Creo sinceramente que la cuestión que da título a este post es algo que ha pasado por la cabeza de todas cuantas practicamos la feminofilia, y en más de una ocasión. Muchas veces, la idea ha sido producto de la culpa que irremediablemente llega después de las primeras sesiones de transformación, en las que, una vez que pasa el impulso y la excitación asociada a él, queremos inmediatamente despojarnos de las prendas femeninas y juramos no volverlo a hacer. Aunque siempre recaemos. Más temprano que tarde.
Otra razón que nos orilla a querer dejarlo puede ser el inicio de una relación sentimental, pues es frecuente asociar erróneamente el travestismo con la incapacidad o falta de voluntad para tener pareja, y se espera que en el momento en que dicha pareja llegue a nuestras vidas, el deseo por transformarse en mujer cesará completamente, pensando algo como “ya tengo novia, ya no necesito sentirme mujer”. Ligado con esta idea se encuentra el hecho de renunciar a la feminofilia para evitar ser descubiertas por esa ya mencionada pareja.
Otro punto para considerar dejar de lado el travestismo puede ser la llegada de los hijos y la voluntad de asumir una figura completamente masculina para la crianza y el desarrollo de los mismos, pensando quizá que es tiempo de “madurar” y que ya pasó la época de estar inmiscuido en actividades que implican portar ropas asociadas con el género opuesto y jugar a sentirse mujer por ratitos.
Sin embargo, yo soy de la idea de que no se puede dejar atrás el travestismo. No se trata de un simple hábito como la ingesta excesiva de Coca-Cola o de pan dulce, tampoco es un vicio como el tabaquismo o el alcoholismo. No. Ser travesti va más allá, es algo que está profundamente implantado e incorporado en nuestra forma de ser, en nuestra personalidad y en nuestra psique. Es posible, eso sí, contener las ganas por algún tiempo, haciendo grandes esfuerzos y tal vez hasta con ayuda de terapia, pero inevitablemente volverán.
Yo misma he tratado de dejarlo más de una vez, por alguna de las razones citadas arriba, pero siempre he vuelto a las andadas. Me he deshecho de toda mi ropa, en un intento por no tener a la mano nada que me pudiera hacer caer en la tentación, pero eso me ha llevado a límites considerables de desesperación y termino poniéndome hasta una toalla alrededor de la cintura para que haga las veces de falda o vestido, dejando que mi imaginación se encargue del resto. Puedo tener éxito durante unos días, o unas semanas… unos meses en el mejor de los casos, pero al final las ganas de vestirme de mujer siempre regresan, porque son parte de mí, son un componente indivisible de mi personalidad y de lo que me hace ser quien soy.
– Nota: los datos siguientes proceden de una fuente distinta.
(* Let $X_1,\ldots,X_n$ be non-empty sets, $S\subset X_1\times\cdots\times X_n$ a finite set, and $M\subset S$ a maximal good subset of $S$. Let $C(S)$ be the space of functions on $S$, $U(S)$ the subspace of functions $f$ on $S$ of the form $f(x_1,\ldots,x_n)=u_1(x_1)+\cdots+u_n(x_n)$ on $S$ with $u_i$ functions on $\Pi_iS$, and $U(S)^\perp=\{\mu\in C(S)^*:\mu(f)=0\ \forall f\in U(S)\}$. Then $\dim U(S)^\perp=|S|-|M|$, and a basis of $U(S)^\perp$ is given by the set of measures $\mu_L$, where $L$ ranges over loops of the form $L=\{x,y_2,\ldots,y_k\}$ with $x\in S\setminus M$ and $y_2,\ldots,y_k\in M$.
   Context: $\Pi_i$ denotes the canonical projection onto $X_i$. A subset $T$ is good if every function $f$ on $T$ can be written as $f(x_1,\ldots,x_n)=u_1(x_1)+\cdots+u_n(x_n)$ on $T$ for suitable functions $u_i$ on $X_i$; $M$ is a maximal good subset of $S$ if it is good and no good subset of $S$ strictly contains it. For points $x_1,\ldots,x_k$ (with $x_j=(x_{j1},\ldots,x_{jn})$) and numbers $c_j$, the formal sum $\sum_jc_jx_j$ vanishes if for every $i$ and every $a\in X_i$, $\sum_{j:\,x_{ji}=a}c_j=0$. A non-empty finite set $L=\{x_1,\ldots,x_k\}$ of distinct points is a loop if there are non-zero integers $n_1,\ldots,n_k$ with $\sum_jn_jx_j$ vanishing and no strictly smaller non-empty subset of $L$ has this property; such integers can be taken with $\gcd=1$, uniquely up to a global sign. For such a loop, $\mu_L$ is the measure on $S$ with $\mu_L(x_j)=n_j/(|n_1|+\cdots+|n_k|)$ and $\mu_L(x)=0$ for $x\notin L$ (for a fixed choice of sign). *)

theory Defs
  imports Complex_Main "HOL-Library.Function_Algebras" "HOL-Library.FuncSet"
begin

text \<open>Points of X_1 x ... x X_n are modelled as extensional functions
  x :: nat => 'a with x i in X i for i < n (i.e. elements of PiE {..<n} X);
  coordinate i (0-based) is x i.\<close>

definition good :: "nat \<Rightarrow> (nat \<Rightarrow> 'a) set \<Rightarrow> bool" where
  "good n T \<longleftrightarrow> (\<forall>f :: (nat \<Rightarrow> 'a) \<Rightarrow> real.
      \<exists>u :: nat \<Rightarrow> 'a \<Rightarrow> real. \<forall>x\<in>T. f x = (\<Sum>i<n. u i (x i)))"

definition maximal_good :: "nat \<Rightarrow> (nat \<Rightarrow> 'a) set \<Rightarrow> (nat \<Rightarrow> 'a) set \<Rightarrow> bool" where
  "maximal_good n S M \<longleftrightarrow> M \<subseteq> S \<and> good n M \<and>
      (\<forall>T. M \<subset> T \<and> T \<subseteq> S \<longrightarrow> \<not> good n T)"

text \<open>The formal sum  sum_{y in L} c y * y  vanishes.\<close>
definition vanishes :: "nat \<Rightarrow> (nat \<Rightarrow> 'a set) \<Rightarrow> ((nat \<Rightarrow> 'a) \<Rightarrow> int) \<Rightarrow> (nat \<Rightarrow> 'a) set \<Rightarrow> bool" where
  "vanishes n X c L \<longleftrightarrow> (\<forall>i<n. \<forall>a\<in>X i. (\<Sum>y\<in>{y\<in>L. y i = a}. c y) = 0)"

definition has_vanishing_coeffs :: "nat \<Rightarrow> (nat \<Rightarrow> 'a set) \<Rightarrow> (nat \<Rightarrow> 'a) set \<Rightarrow> bool" where
  "has_vanishing_coeffs n X L \<longleftrightarrow> (\<exists>c. (\<forall>y\<in>L. c y \<noteq> 0) \<and> vanishes n X c L)"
Y dicen los terapeutas que no se recomienda tomar la frase “pues yo así soy” como una manera de evitar salir de la zona de comodidad y continuar temiéndole al cambio, pero este no es el caso. Yo no digo “ay, pues ya soy travesti y así seré toda la vida” por miedo a cambiar, o miedo a dejarlo. No. Yo lo digo porque sé que podría dejarlo si me lo propongo con verdadero ahínco, pero ¿qué me va a traer eso a cambio? Una vida llena de frustración por no poder expresar lo que hay dentro de mí con libertad. Me enojaría con el mundo y viviría resentida permanentemente. Sé que extrañaría transformarme en Nadia cada que volteara a ver un aparador o un catálogo con lencería o cada vez que en mi camino se cruzara una mujer con un atuendo o un maquillaje de ensueño.
Reconsidero mi postura: tal vez, y solo tal vez, es posible dejar atrás el travestismo, pero creo que el precio de hacerlo sería demasiado alto. Amo vestirme de mujer, amo las sensaciones que me da el satín, el encaje, el nailon, sobre mi piel recién depilada. Me fascina la lencería, los vestidos, las faldas, y la ilusión de portarlas. Verme en el espejo como una mujer es, para mí, una de las cosas más valiosas y disfrutables de la vida.
¿Ustedes qué opinan? ¿Se puede o no se puede?
NOTA: Este post está dirigido a travestis únicamente. No es mi intención tocar el tema de la transexualidad.